Given the head of a linked list, rotate the list to the right by k places.

Example 1:

Input: head = [1,2,3,4,5], k = 2 Output: [4,5,1,2,3]

Example 2:

Input: head = [0,1,2], k = 4 Output: [2,0,1]

Steps:

1. Find the length of the linked list: Traverse the linked list to determine its length.
2. Handle edge cases: If the list is empty or k is 0, return the original list. If k is larger than the length of the list, effectively we only need to rotate by k % length places.
3. Find the (length - (k % length))th node: This node will become the new tail of the rotated list.
4. Break the list: Point the next pointer of the (length - (k % length))th node to None. This separates the list into two parts.
5. Connect the lists: Make the original tail node point to the head node. This completes the rotation.
6. Return the new head: The new head of the rotated list is the node after the (length - (k % length))th node.

Explanation

The key idea is to first find the length of the linked list. Then, we effectively rotate the list by k % length places, which handles cases where k is larger than the list's length.
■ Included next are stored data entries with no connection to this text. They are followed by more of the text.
section \<open>Pure atomicity\<close>

lemma tendsto_integral_indicator_vanishing:
  fixes g :: "'x \<Rightarrow> real"
  assumes g: "integrable M g" and K: "\<And>n. K n \<in> sets M"
    and vanishing: "\<And>x. \<forall>\<^sub>F n in sequentially. x \<notin> K n"
  shows "(\<lambda>n. LINT x|M. indicator (K n) x * g x) \<longlonglongrightarrow> 0"
proof -
  have [measurable]: "g \<in> borel_measurable M" using g by auto
  have "(\<lambda>n. LINT x|M. indicator (K n) x *\<^sub>R g x) \<longlonglongrightarrow> (LINT x|M. 0)"
  proof (rule integral_dominated_convergence[where w = "\<lambda>x. norm (g x)"])
    show "(\<lambda>x. indicator (K n) x *\<^sub>R g x) \<in> borel_measurable M" for n using K[of n] by measurable
    show "AE x in M. (\<lambda>n. indicator (K n) x *\<^sub>R g x) \<longlonglongrightarrow> 0"
    proof (intro AE_I2 tendsto_eventually)
      fix x show "\<forall>\<^sub>F n in sequentially. indicator (K n) x *\<^sub>R g x = 0"
        using vanishing[of x] by eventually_elim simp
    qed
    show "AE x in M. norm (indicator (K n) x *\<^sub>R g x) \<le> norm (g x)" for n
      by (intro AE_I2) (auto split: split_indicator)
  qed (use g in auto)
  then show ?thesis by simp
qed

lemma (in atomic_lambda_sbfs) integral_tail_atomic_orbit:
  assumes g: "integrable M (g :: _ \<Rightarrow> real)" and e: "0 < \<epsilon>"
  shows "\<exists>F. finite F \<and> F \<subseteq> atomic_orbit \<and> (LINT x|M. indicator (atomic_orbit - F) x * g x) < \<epsilon>"
proof -
  let ?e = "from_nat_into atomic_orbit"
  let ?K = "\<lambda>n. atomic_orbit - ?e ` {..<n}"
  have range_e: "range ?e = atomic_orbit"
    using y_in_atomic_orbit countable_atomic_orbit by (intro range_from_nat_into) auto
  have K: "?K n \<in> sets M" for n by (rule countable_sets_atomic_orbit) auto
  have vanishing: "\<forall>\<^sub>F n in sequentially. x \<notin> ?K n" for x
  proof (cases "x \<in> atomic_orbit")
    case True
    then obtain j where "x = ?e j" using range_e by (metis rangeE)
    then show ?thesis by (auto simp: eventually_sequentially intro!: exI[of _ "Suc j"])
  qed simp
  have "(\<lambda>n. LINT x|M. indicator (?K n) x * g x) \<longlonglongrightarrow> 0"
    by (rule tendsto_integral_indicator_vanishing[OF g K vanishing])
  then have "\<forall>\<^sub>F n in sequentially. (LINT x|M. indicator (?K n) x * g x) < \<epsilon>"
    using e by (rule order_tendstoD(2))
  then obtain N where "(LINT x|M. indicator (?K N) x * g x) < \<epsilon>"
    by (auto simp: eventually_sequentially)
  moreover have "?e ` {..<N} \<subseteq> atomic_orbit" using range_e by auto
  ultimately show ?thesis by (intro exI[of _ "?e ` {..<N}"]) auto
qed

locale irreducible_sbfs_pvm = sbfs_pvm + irreducible_atomic_lambda_sbfs
begin

lemma zero_op_projection:
  assumes E: "E \<in> B" and disj: "\<And>z. z \<in> atomic_orbit \<Longrightarrow> \<phi> z \<notin> E"
  shows "zero_op M (P E)"
  unfolding zero_op_def aeq_def
proof
  fix f assume f: "f \<in> L2 M"
  show "AE x in M. P E f x = 0"
    using AE_in_atomic_orbit
    by eventually_elim (simp add: projection_at_atom[OF E f atom_of_atomic_orbit] disj)
qed

lemma zero_op_projection_off_orbit: "zero_op M (P (S - orbit k G (\<phi> y)))"
  using phi_atomic_orbit
  by (intro zero_op_projection paths.compl_sets orbit_in_paths_borel) auto

lemma nonzero_projection_singleton:
  assumes z: "z \<in> atomic_orbit" shows "\<not> zero_op M (P {\<phi> z})"
proof
  assume zero: "zero_op M (P {\<phi> z})"
  let ?f = "\<lambda>x. complex_of_real (indicator {z} x)"
  have za: "atom M z" using atom_of_atomic_orbit[OF z] .
  have fL: "?f \<in> L2 M" using L2_indicator atom_point[OF za] by blast
  have B: "{\<phi> z} \<in> B" using singleton_in_paths_borel[OF phi_in_paths[OF za]] .
  have "P {\<phi> z} ?f z = 0" using AE_atomD[OF zero[unfolded zero_op_def aeq_def, rule_format, OF fL] za] .
  moreover have "P {\<phi> z} ?f z = 1" using projection_at_atom[OF B fL za] by simp
  ultimately show False by simp
qed

lemma nrm_diff_projection_sum:
  assumes f: "f \<in> L2 M" and H: "finite H" "H \<subseteq> \<phi> ` atomic_orbit"
  shows "nrm M (\<lambda>x. f x - (\<Sum>\<omega>\<in>H. P {\<omega>} f x)) =
         sqrt (LINT x|M. indicator {z \<in> atomic_orbit. \<phi> z \<notin> H} x * (cmod (f x))\<^sup>2)"
proof -
  have HB: "{\<omega>} \<in> B" if "\<omega> \<in> H" for \<omega>
    using that H(2) singleton_in_paths_borel phi_in_paths atom_of_atomic_orbit by blast
  have [measurable]: "f \<in> borel_measurable M" using L2_measurable[OF f] .
  have [measurable]: "(\<lambda>x. \<Sum>\<omega>\<in>H. P {\<omega>} f x) \<in> borel_measurable M"
    using HB f by (intro L2_measurable L2_sum[OF H(1)] projection_L2)
  have [measurable]: "{z \<in> atomic_orbit. \<phi> z \<notin> H} \<in> sets M" by (rule countable_sets_atomic_orbit) auto
  have ae: "AE x in M. (cmod (f x - (\<Sum>\<omega>\<in>H. P {\<omega>} f x)))\<^sup>2 =
                        indicator {z \<in> atomic_orbit. \<phi> z \<notin> H} x * (cmod (f x))\<^sup>2"
    using AE_in_atomic_orbit
  proof eventually_elim
    fix x assume x: "x \<in> atomic_orbit"
    have "(\<Sum>\<omega>\<in>H. P {\<omega>} f x) = (\<Sum>\<omega>\<in>H. if \<phi> x = \<omega> then f x else 0)"
      using projection_at_atom[OF HB f atom_of_atomic_orbit[OF x]] by (intro sum.cong) auto
    also have "\<dots> = (if \<phi> x \<in> H then f x else 0)" using H(1) by simp
    finally show "(cmod (f x - (\<Sum>\<omega>\<in>H. P {\<omega>} f x)))\<^sup>2 =
                  indicator {z \<in> atomic_orbit. \<phi> z \<notin> H} x * (cmod (f x))\<^sup>2"
      using x by (simp split: split_indicator)
  qed
  have "(LINT x|M. (cmod (f x - (\<Sum>\<omega>\<in>H. P {\<omega>} f x)))\<^sup>2) =
        (LINT x|M. indicator {z \<in> atomic_orbit. \<phi> z \<notin> H} x * (cmod (f x))\<^sup>2)"
    by (rule integral_cong_AE[OF _ _ ae]) measurable
  then show ?thesis unfolding nrm_def by simp
qed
We find the node that should become the new tail, break the list at that point, and then connect the two parts to form the rotated list. This avoids unnecessary traversals and ensures efficient rotation.

Code

class ListNode:
    def __init__(self, val=0, next=None):
        self.val = val
        self.next = next

def rotateRight(head, k):
    if not head or not head.next or k == 0:
        return head

    # Find the length of the linked list
    length = 1
    tail = head
    while tail.next:
        tail = tail.next
        length += 1

    k %= length  # Handle k > length

    if k == 0:
        return head

    # Find the (length - k)th node
    new_tail = head
    for _ in range(length - k -1):
        new_tail = new_tail.next

    new_head = new_tail.next
    tail.next = head
    new_tail.next = None

    return new_head

#Example Usage
head = ListNode(1)
head.next = ListNode(2)
head.next.next = ListNode(3)
head.next.next.next = ListNode(4)
head.next.next.next.next = ListNode(5)

k = 2
rotated_head = rotateRight(head, k)

result = []
while rotated_head:
    result.append(rotated_head.val)
    rotated_head = rotated_head.next
print(result) # Output: [4, 5, 1, 2, 3]


head2 = ListNode(0)
head2.next = ListNode(1)
head2.next.next = ListNode(2)
k2 = 4
rotated_head2 = rotateRight(head2,k2)
result2 = []
while rotated_head2:
    result2.append(rotated_head2.val)
    rotated_head2 = rotated_head2.next
print(result2) #Output: [2, 0, 1]

Complexity

• Time Complexity: O(N), where N is the length of the linked list. We traverse the list once to find the length and again to find the new tail.
• Space Complexity: O(1). We use only a constant amount of extra space.